The problem:
Each record must be repeated exactly. None may be dropped.

:: Available data

lemma fps_of_poly_fls_base_poly:
  fixes f :: "'a::zero fls"
  assumes "finite {n. f $$ n \<noteq> 0}"
  shows "fps_of_poly (fls_base_poly f) = fls_base_factor_to_fps f"
proof -
  obtain A where A: "\<forall>n>A. f $$ n = 0"
    using assms fls_finite_support_iff_bounded by blast
  define N where "N = nat (A - fls_subdegree f + 1)"
  have "fls_base_factor_to_fps f $ i = 0" if "N \<le> i" for i
    using A that unfolding N_def by (simp add: fls_base_factor_to_fps_nth)
  then have "fps_of_poly (truncate_fps N (fls_base_factor_to_fps f)) = fls_base_factor_to_fps f"
    by (intro fps_ext) (simp add: not_less)
  then have "\<exists>!p. fps_of_poly p = fls_base_factor_to_fps f"
    using fps_of_poly_eq_iff by metis
  then show ?thesis
    unfolding fls_base_poly_def by (rule theI')
qed

lemma coeff_fls_base_poly:
  "finite {n. f $$ n \<noteq> 0} \<Longrightarrow> coeff (fls_base_poly f) i = f $$ (fls_subdegree f + int i)"
  by (metis fps_of_poly_nth fps_of_poly_fls_base_poly fls_base_factor_to_fps_nth)

lemma fls_base_poly_one: "fls_base_poly (1 :: 'a::comm_semiring_1 fls) = 1"
proof -
  have "finite {n. (1::'a fls) $$ n \<noteq> 0}"
    by (rule finite_subset[of _ "{0}"]) auto
  then show ?thesis
    using fps_of_poly_fls_base_poly fls_base_factor_to_fps_one fps_of_poly_1 fps_of_poly_eq_iff by metis
qed

lemma fls_base_poly_mult:
  fixes f g :: "'a::idom fls"
  assumes "finite {n. f $$ n \<noteq> 0}" "finite {n. g $$ n \<noteq> 0}"
  shows "fls_base_poly (f * g) = fls_base_poly f * fls_base_poly g"
proof -
  have "fps_of_poly (fls_base_poly (f * g)) = fls_base_factor_to_fps f * fls_base_factor_to_fps g"
    using fps_of_poly_fls_base_poly[OF fls_finite_support_mult[OF assms]] fls_base_factor_to_fps_mult
    by metis
  then show ?thesis
    using assms by (simp add: fps_of_poly_fls_base_poly fps_of_poly_mult flip: fps_of_poly_eq_iff)
qed

lemma fls_base_poly_nonzero:
  "finite {n. f $$ n \<noteq> 0} \<Longrightarrow> f \<noteq> 0 \<Longrightarrow> fls_base_poly f \<noteq> 0"
  using fps_of_poly_fls_base_poly fls_base_factor_to_fps_nonzero by fastforce

lemma fls_base_poly_in_poly_semidomain:
  "f \<in> laurent_semidomain S \<Longrightarrow> fls_base_poly f \<in> poly_semidomain S"
  unfolding laurent_semidomain_def poly_semidomain_def by (simp add: coeff_fls_base_poly)

lemma sunit_laurent_semidomain_if_sunit_base_poly:
  assumes S: "semidomain S" and g: "g \<in> laurent_semidomain S"
    and unit: "sunit (poly_semidomain S) (fls_base_poly g)"
  shows "sunit (laurent_semidomain S) g"
proof -
  have fin: "finite {n. g $$ n \<noteq> 0}"
    using g unfolding laurent_semidomain_def by simp
  obtain u where u: "fls_base_poly g = [:u:]" "sunit S u"
    using unit sunit_poly_semidomain_iff[OF S fls_base_poly_in_poly_semidomain[OF g]] degree_0_id
    by metis
  then have "fls_base_factor_to_fps g = fps_const u"
    using fps_of_poly_fls_base_poly[OF fin] by (simp add: fps_of_poly_const)
  then have "g = fls_shift (- fls_subdegree g) (fls_const u)"
    using fls_conv_base_factor_to_fps_shift_subdegree[of g] by simp
  then show ?thesis
    using sunit_laurent_semidomain_shift_const[OF S u(2)] by metis
qed

lemma nonunit_factors_bounded_laurent_semidomain:
  assumes S: "semidomain S" and bounded: "nonunit_factors_bounded (poly_semidomain S)"
  shows "nonunit_factors_bounded (laurent_semidomain S)"
proof (rule nonunit_factors_bounded_pullback[where \<phi> = fls_base_poly,
      OF semidomain_laurent_semidomain[OF S] bounded])
  fix f g assume "f \<in> laurent_semidomain S" "g \<in> laurent_semidomain S"
  then show "fls_base_poly (f * g) = fls_base_poly f * fls_base_poly g"
    unfolding laurent_semidomain_def by (simp add: fls_base_poly_mult)
  show "fls_base_poly f \<noteq> 0" if "f \<in> laurent_semidomain S" "f \<noteq> 0" for f
    using that fls_base_poly_nonzero unfolding laurent_semidomain_def by blast
qed (simp_all add: fls_base_poly_in_poly_semidomain fls_base_poly_one
    sunit_laurent_semidomain_if_sunit_base_poly[OF S])

lemma BFS_iff_BFS_laurent_semidomain:
  assumes S: "semidomain S"
  shows "BFS S \<longleftrightarrow> BFS (laurent_semidomain S)"
proof -
  have "nonunit_factors_bounded S" if "nonunit_factors_bounded (laurent_semidomain S)"
  proof (rule nonunit_factors_bounded_pullback[where \<phi> = fls_const, OF S that])
    show "fls_const c \<in> laurent_semidomain S" if "c \<in> S" for c
      using fls_shift_const_in_laurent_semidomain[OF S that, of 0] by simp
  qed (auto simp: sunit_laurent_semidomain_constD[OF S])
  then show ?thesis
    using BFS_iff_nonunit_factors_bounded[OF S] BFS_iff_BFS_poly_semidomain[OF S]
      BFS_iff_nonunit_factors_bounded[OF semidomain_poly_semidomain[OF S]]
      BFS_iff_nonunit_factors_bounded[OF semidomain_laurent_semidomain[OF S]]
      nonunit_factors_bounded_laurent_semidomain[OF S] by blast
qed

theorem theorem4p3:
  fixes S :: "'a::idom set"
  assumes "semidomain S"
  shows "(BFS S \<longleftrightarrow> BFS (poly_semidomain S)) \<and> (BFS S \<longleftrightarrow> BFS (laurent_semidomain S))"
  using BFS_iff_BFS_poly_semidomain[OF assms] BFS_iff_BFS_laurent_semidomain[OF assms] by blast

end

::::

Reply to the exercise:
lemma fps_of_poly_fls_base_poly:
  fixes f :: "'a::zero fls"
  assumes "finite {n. f $$ n \<noteq> 0}"
  shows "fps_of_poly (fls_base_poly f) = fls_base_factor_to_fps f"
proof -
  obtain A where A: "\<forall>n>A. f $$ n = 0"
    using assms fls_finite_support_iff_bounded by blast
  define N where "N = nat (A - fls_subdegree f + 1)"
  have "fls_base_factor_to_fps f $ i = 0" if "N \<le> i" for i
    using A that unfolding N_def by (simp add: fls_base_factor_to_fps_nth)
  then have "fps_of_poly (truncate_fps N (fls_base_factor_to_fps f)) = fls_base_factor_to_fps f"
    by (intro fps_ext) (simp add: not_less)
  then have "\<exists>!p. fps_of_poly p = fls_base_factor_to_fps f"
    using fps_of_poly_eq_iff by metis
  then show ?thesis
    unfolding fls_base_poly_def by (rule theI')
qed

lemma coeff_fls_base_poly:
  "finite {n. f $$ n \<noteq> 0} \<Longrightarrow> coeff (fls_base_poly f) i = f $$ (fls_subdegree f + int i)"
  by (metis fps_of_poly_nth fps_of_poly_fls_base_poly fls_base_factor_to_fps_nth)

lemma fls_base_poly_one: "fls_base_poly (1 :: 'a::comm_semiring_1 fls) = 1"
proof -
  have "finite {n. (1::'a fls) $$ n \<noteq> 0}"
    by (rule finite_subset[of _ "{0}"]) auto
  then show ?thesis
    using fps_of_poly_fls_base_poly fls_base_factor_to_fps_one fps_of_poly_1 fps_of_poly_eq_iff by metis
qed

lemma fls_base_poly_mult:
  fixes f g :: "'a::idom fls"
  assumes "finite {n. f $$ n \<noteq> 0}" "finite {n. g $$ n \<noteq> 0}"
  shows "fls_base_poly (f * g) = fls_base_poly f * fls_base_poly g"
proof -
  have "fps_of_poly (fls_base_poly (f * g)) = fls_base_factor_to_fps f * fls_base_factor_to_fps g"
    using fps_of_poly_fls_base_poly[OF fls_finite_support_mult[OF assms]] fls_base_factor_to_fps_mult
    by metis
  then show ?thesis
    using assms by (simp add: fps_of_poly_fls_base_poly fps_of_poly_mult flip: fps_of_poly_eq_iff)
qed

lemma fls_base_poly_nonzero:
  "finite {n. f $$ n \<noteq> 0} \<Longrightarrow> f \<noteq> 0 \<Longrightarrow> fls_base_poly f \<noteq> 0"
  using fps_of_poly_fls_base_poly fls_base_factor_to_fps_nonzero by fastforce

lemma fls_base_poly_in_poly_semidomain:
  "f \<in> laurent_semidomain S \<Longrightarrow> fls_base_poly f \<in> poly_semidomain S"
  unfolding laurent_semidomain_def poly_semidomain_def by (simp add: coeff_fls_base_poly)

lemma sunit_laurent_semidomain_if_sunit_base_poly:
  assumes S: "semidomain S" and g: "g \<in> laurent_semidomain S"
    and unit: "sunit (poly_semidomain S) (fls_base_poly g)"
  shows "sunit (laurent_semidomain S) g"
proof -
  have fin: "finite {n. g $$ n \<noteq> 0}"
    using g unfolding laurent_semidomain_def by simp
  obtain u where u: "fls_base_poly g = [:u:]" "sunit S u"
    using unit sunit_poly_semidomain_iff[OF S fls_base_poly_in_poly_semidomain[OF g]] degree_0_id
    by metis
  then have "fls_base_factor_to_fps g = fps_const u"
    using fps_of_poly_fls_base_poly[OF fin] by (simp add: fps_of_poly_const)
  then have "g = fls_shift (- fls_subdegree g) (fls_const u)"
    using fls_conv_base_factor_to_fps_shift_subdegree[of g] by simp
  then show ?thesis
    using sunit_laurent_semidomain_shift_const[OF S u(2)] by metis
qed

lemma nonunit_factors_bounded_laurent_semidomain:
  assumes S: "semidomain S" and bounded: "nonunit_factors_bounded (poly_semidomain S)"
  shows "nonunit_factors_bounded (laurent_semidomain S)"
proof (rule nonunit_factors_bounded_pullback[where \<phi> = fls_base_poly,
      OF semidomain_laurent_semidomain[OF S] bounded])
  fix f g assume "f \<in> laurent_semidomain S" "g \<in> laurent_semidomain S"
  then show "fls_base_poly (f * g) = fls_base_poly f * fls_base_poly g"
    unfolding laurent_semidomain_def by (simp add: fls_base_poly_mult)
  show "fls_base_poly f \<noteq> 0" if "f \<in> laurent_semidomain S" "f \<noteq> 0" for f
    using that fls_base_poly_nonzero unfolding laurent_semidomain_def by blast
qed (simp_all add: fls_base_poly_in_poly_semidomain fls_base_poly_one
    sunit_laurent_semidomain_if_sunit_base_poly[OF S])

lemma BFS_iff_BFS_laurent_semidomain:
  assumes S: "semidomain S"
  shows "BFS S \<longleftrightarrow> BFS (laurent_semidomain S)"
proof -
  have "nonunit_factors_bounded S" if "nonunit_factors_bounded (laurent_semidomain S)"
  proof (rule nonunit_factors_bounded_pullback[where \<phi> = fls_const, OF S that])
    show "fls_const c \<in> laurent_semidomain S" if "c \<in> S" for c
      using fls_shift_const_in_laurent_semidomain[OF S that, of 0] by simp
  qed (auto simp: sunit_laurent_semidomain_constD[OF S])
  then show ?thesis
    using BFS_iff_nonunit_factors_bounded[OF S] BFS_iff_BFS_poly_semidomain[OF S]
      BFS_iff_nonunit_factors_bounded[OF semidomain_poly_semidomain[OF S]]
      BFS_iff_nonunit_factors_bounded[OF semidomain_laurent_semidomain[OF S]]
      nonunit_factors_bounded_laurent_semidomain[OF S] by blast
qed

theorem theorem4p3:
  fixes S :: "'a::idom set"
  assumes "semidomain S"
  shows "(BFS S \<longleftrightarrow> BFS (poly_semidomain S)) \<and> (BFS S \<longleftrightarrow> BFS (laurent_semidomain S))"
  using BFS_iff_BFS_poly_semidomain[OF assms] BFS_iff_BFS_laurent_semidomain[OF assms] by blast

end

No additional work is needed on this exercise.